См. также манифесты «Непрямолинейная архитектура» Роберта Вентури (М79), «Сумасшедший Нью-Йорк» Рема Колхаса (M86), «Манифест» Леббеуса Вудса (М90) и «13 положений архитектуры постмодернизма» Чарльза Дженкса (М93).
* * *
Если взглянуть на напряженную архитектуру семидесятых, можно судить о том, насколько тяжелыми были эти годы.
За фасадами бидермайера процветает демократия опросов общественного мнения и самодовольства. У нас нет никакого желания строить бидермайер. Ни сейчас, ни когда-либо еще. Мы устали смотреть на Палладио и другие исторические маски. Потому что в архитектуре мы не хотим просто исключать все, что вызывает беспокойство.

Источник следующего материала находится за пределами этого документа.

lemma remove_rank_max_mem_S:
  assumes X: "X \<in> S n" and Y: "Y \<in> S n" and p: "p \<in> X - Y"
    and max: "\<forall>q\<in>X - Y. fst q + snd q \<le> fst p + snd p"
  shows "X - {p} \<in> S n"
  unfolding mem_S_iff
proof (intro conjI allI impI)
  show "X - {p} \<subseteq> shifted_staircase n" using X by (auto simp: mem_S_iff)
next
  fix i j a b assume h: "(i, j) \<in> X - {p}" "1 \<le> a" "a \<le> b" "a \<le> i" "b \<le> j"
  show "(a, b) \<in> X - {p}"
  proof (rule ccontr)
    assume "(a, b) \<notin> X - {p}"
    with S_down_closed[OF X _ h(2-5)] h(1) have pab: "p = (a, b)" by simp
    with p S_down_closed[OF Y _ h(2-5)] have "(i, j) \<in> X - Y" using h(1) by auto
    with max pab have "i + j \<le> a + b" by force
    with h(1,4,5) pab show False by auto
  qed
qed

lemma well_graded_S: "well_graded (S n)"
  unfolding well_graded_def
proof (intro ballI impI)
  fix X Y assume X: "X \<in> S n" and Y: "Y \<in> S n" and "X \<noteq> Y"
  have fin: "finite (X - Y)" using finite_mem_S[OF X] by simp
  let ?rank = "\<lambda>q :: nat \<times> nat. fst q + snd q"
  show "(\<exists>p\<in>X - Y. X - {p} \<in> S n) \<or> (\<exists>p\<in>Y - X. insert p X \<in> S n)"
  proof (cases "X - Y = {}")
    case False
    then have "Max (?rank ` (X - Y)) \<in> ?rank ` (X - Y)" using fin by simp
    then obtain p where "p \<in> X - Y" "?rank p = Max (?rank ` (X - Y))" by auto
    moreover have "\<forall>q\<in>X - Y. ?rank q \<le> Max (?rank ` (X - Y))" using fin by simp
    ultimately have "X - {p} \<in> S n" by (intro remove_rank_max_mem_S[OF X Y]) auto
    with \<open>p \<in> X - Y\<close> show ?thesis by blast
  next
    case True
    with \<open>X \<noteq> Y\<close> obtain q where "q \<in> Y - X" by blast
    then obtain p where "p \<in> Y - X" "\<forall>q\<in>Y - X. ?rank p \<le> ?rank q"
      using ex_has_least_nat[of "\<lambda>q. q \<in> Y - X" q ?rank] by blast
    then show ?thesis using insert_rank_min_mem_S[OF X Y] by blast
  qed
qed

lemma hasse_dist_S: "I \<in> S n \<Longrightarrow> J \<in> S n \<Longrightarrow> hasse_dist (S n) I J = card (sym_diff I J)"
  by (rule hasse_dist_eq_card_sym_diff[OF well_graded_S finite_mem_S])

section \<open>Removing the first row\<close>

definition first_row :: "nat \<Rightarrow> (nat \<times> nat) set" where
  "first_row m = {(1, j) | j. 1 \<le> j \<and> j \<le> m}"

definition shift :: "(nat \<times> nat) set \<Rightarrow> (nat \<times> nat) set" where
  "shift K = (\<lambda>(i, j). (Suc i, Suc j)) ` K"

definition add_row :: "nat \<Rightarrow> (nat \<times> nat) set \<Rightarrow> (nat \<times> nat) set" where
  "add_row n K = first_row (Suc n) \<union> shift K"

lemma S_Suc_if_S: "I \<in> S n \<Longrightarrow> I \<in> S (Suc n)"
  by (auto simp: mem_S_iff mem_shifted_staircase_iff)

lemma add_row_mem_S:
  assumes K: "K \<in> S n"
  shows "add_row n K \<in> S (Suc n)"
  unfolding mem_S_iff
proof (intro conjI allI impI)
  show "add_row n K \<subseteq> shifted_staircase (Suc n)"
    using K by (force simp: add_row_def first_row_def shift_def mem_S_iff mem_shifted_staircase_iff)
next
  fix i j a b assume h: "(i, j) \<in> add_row n K" "1 \<le> a" "a \<le> b" "a \<le> i" "b \<le> j"
  show "(a, b) \<in> add_row n K"
  proof (cases "a = 1")
    case True
    with h K show ?thesis by (force simp: add_row_def first_row_def shift_def dest: S_memD)
  next
    case False
    then obtain a' b' where ab: "a = Suc a'" "b = Suc b'" "1 \<le> a'"
      using h(2,3) by (metis One_nat_def Suc_le_D le_antisym le_trans not_less_eq_eq)
    from h False have "(i, j) \<in> shift K" by (auto simp: add_row_def first_row_def)
    then obtain i' j' where "i = Suc i'" "j = Suc j'" "(i', j') \<in> K" by (auto simp: shift_def)
    with S_down_closed[OF K] ab h have "(a', b') \<in> K" by simp
    with ab show ?thesis by (auto simp: add_row_def shift_def)
  qed
qed

lemma S_if_corner_notin:
  assumes I: "I \<in> S (Suc n)" and corner: "(1, Suc n) \<notin> I"
  shows "I \<in> S n"
proof -
  have "j \<le> n" if "(i, j) \<in> I" for i j
    using S_down_closed[OF I that, of 1 j] S_memD[OF I that] corner by (cases "j = Suc n") auto
  then show ?thesis
    using I by (auto simp: mem_S_iff mem_shifted_staircase_iff)
qed

lemma add_row_if_corner_mem:
  assumes I: "I \<in> S (Suc n)" and corner: "(1, Suc n) \<in> I"
  obtains K where "K \<in> S n" "I = add_row n K"
proof
  define K where "K = {(i, j). 1 \<le> i \<and> (Suc i, Suc j) \<in> I}"
  show "K \<in> S n"
    unfolding mem_S_iff
  proof (intro conjI allI impI)
    show "K \<subseteq> shifted_staircase n"
      using S_memD[OF I] by (fastforce simp: K_def mem_shifted_staircase_iff)
    fix i j a b assume "(i, j) \<in> K" "1 \<le> a" "a \<le> b" "a \<le> i" "b \<le> j"
    then show "(a, b) \<in> K"
      using S_down_closed[OF I, of "Suc i" "Suc j" "Suc a" "Suc b"] by (auto simp: K_def)
  qed
  have "first_row (Suc n) \<subseteq> I"
    using S_down_closed[OF I corner] by (auto simp: first_row_def)
  moreover have "(i, j) \<in> first_row (Suc n) \<union> shift K" if "(i, j) \<in> I" for i j
  proof (cases "i = 1")
    case True
    then show ?thesis using S_memD[OF I that] by (auto simp: first_row_def)
  next
    case False
    with S_memD[OF I that] obtain i' j' where "i = Suc i'" "j = Suc j'" "1 \<le> i'"
      by (metis One_nat_def Suc_le_D Suc_le_mono le_antisym not_less_eq_eq)
    with that show ?thesis by (auto simp: shift_def K_def image_iff)
  qed
  ultimately show "I = add_row n K"
    unfolding add_row_def by (auto simp: shift_def K_def)
qed

lemma S_Suc: "S (Suc n) = S n \<union> add_row n ` S n"
proof
  show "S n \<union> add_row n ` S n \<subseteq> S (Suc n)"
    using S_Suc_if_S add_row_mem_S by blast
  show "S (Suc n) \<subseteq> S n \<union> add_row n ` S n"
  proof
    fix I assume I: "I \<in> S (Suc n)"
    show "I \<in> S n \<union> add_row n ` S n"
    proof (cases "(1, Suc n) \<in> I")
      case True
      then show ?thesis using add_row_if_corner_mem[OF I] by blast
    qed (use S_if_corner_notin[OF I] in blast)
  qed
qed

lemma inj_shift: "inj shift"
proof (rule injI)
  fix A B assume "shift A = shift B"
  moreover have "inj (\<lambda>(i :: nat, j :: nat). (Suc i, Suc j))" by (auto simp: inj_def)
  ultimately show "A = B" unfolding shift_def by (simp add: inj_image_eq_iff)
qed

lemma inj_on_add_row: "inj_on (add_row n) (S n)"
proof (rule inj_onI)
  fix A B assume A: "A \<in> S n" and B: "B \<in> S n" and eq: "add_row n A = add_row n B"
  have "shift X = add_row n X \<inter> {p. 2 \<le> fst p}" if "X \<in> S n" for X
  proof -
    have "first_row (Suc n) \<inter> {p. 2 \<le> fst p} = {}" by (auto simp: first_row_def)
    moreover have "shift X \<subseteq> {p. 2 \<le> fst p}" using S_memD[OF that] by (auto simp: shift_def)
    ultimately show ?thesis unfolding add_row_def by blast
  qed
  with A B eq have "shift A = shift B" by metis
  then show "A = B" using inj_shift by (simp add: inj_eq)
qed

lemma S_disjoint_add_row: "S n \<inter> add_row n ` S n = {}"
proof -
  have "(1, Suc n) \<in> add_row n K" for K by (simp add: add_row_def first_row_def)
  moreover have "(1, Suc n) \<notin> I" if "I \<in> S n" for I using S_memD[OF that, of 1 "Suc n"] by auto
  ultimately show ?thesis by blast
qed

lemma sum_S_Suc:
  "(\<Sum>I\<in>S (Suc n). f I) = (\<Sum>I\<in>S n. f I) + (\<Sum>K\<in>S n. f (add_row n K))"
proof -
  have "(\<Sum>I\<in>S (Suc n). f I) = (\<Sum>I\<in>S n. f I) + (\<Sum>I\<in>add_row n ` S n. f I)"
    unfolding S_Suc by (rule sum.union_disjoint) (use finite_S S_disjoint_add_row in auto)
  also have "(\<Sum>I\<in>add_row n ` S n. f I) = (\<Sum>K\<in>S n. f (add_row n K))"
    by (rule sum.reindex[OF inj_on_add_row, unfolded comp_def])
  finally show ?thesis .
qed

section \<open>Diagonal and off-diagonal parts\<close>

definition diag :: "(nat \<times> nat) set \<Rightarrow> nat set" where
  "diag I = {i. (i, i) \<in> I}"

definition diag_length :: "(nat \<times> nat) set \<Rightarrow> nat" where
  "diag_length I = card (diag I)"

lemma diag_add_row: "diag (add_row n K) = insert 1 (Suc ` diag K)"
  by (auto simp: diag_def add_row_def first_row_def shift_def image_iff)

lemma diag_S: "I \<in> S n \<Longrightarrow> diag I = {1..diag_length I}"
proof (induction n arbitrary: I)
  case 0
  then show ?case by (simp add: S_0 diag_length_def diag_def)
next
  case (Suc n)
  show ?case
  proof (cases "I \<in> S n")
    case False
    with Suc.prems obtain K where K: "K \<in> S n" "I = add_row n K" by (auto simp: S_Suc)
    have "insert 1 (Suc ` {1..m}) = {1..Suc m}" for m
      by (auto simp: image_Suc_atLeastAtMost)
    then have "diag I = {1..Suc (diag_length K)}"
      using K Suc.IH[OF K(1)] by (simp add: diag_add_row)
    then show ?thesis by (simp add: diag_length_def)
  qed (rule Suc.IH)
qed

Нам нужна архитектура, в которой есть нечто большее. Архитектура, которая истекает кровью, устает, кружится и даже ломается.
Архитектура, которая загорается, жалит, рвет и рвется под давлением.
Архитектура должна быть пещерной, огненно-гладкой, твердой, угловатой, грубой, круглой, нежной, красочной, непристойной, страстной, мечтательной, притягательной, отталкивающей, влажной, сухой и пульсирующей.
Живой или мертвой.
Если холодной, то холодной, как глыба льда.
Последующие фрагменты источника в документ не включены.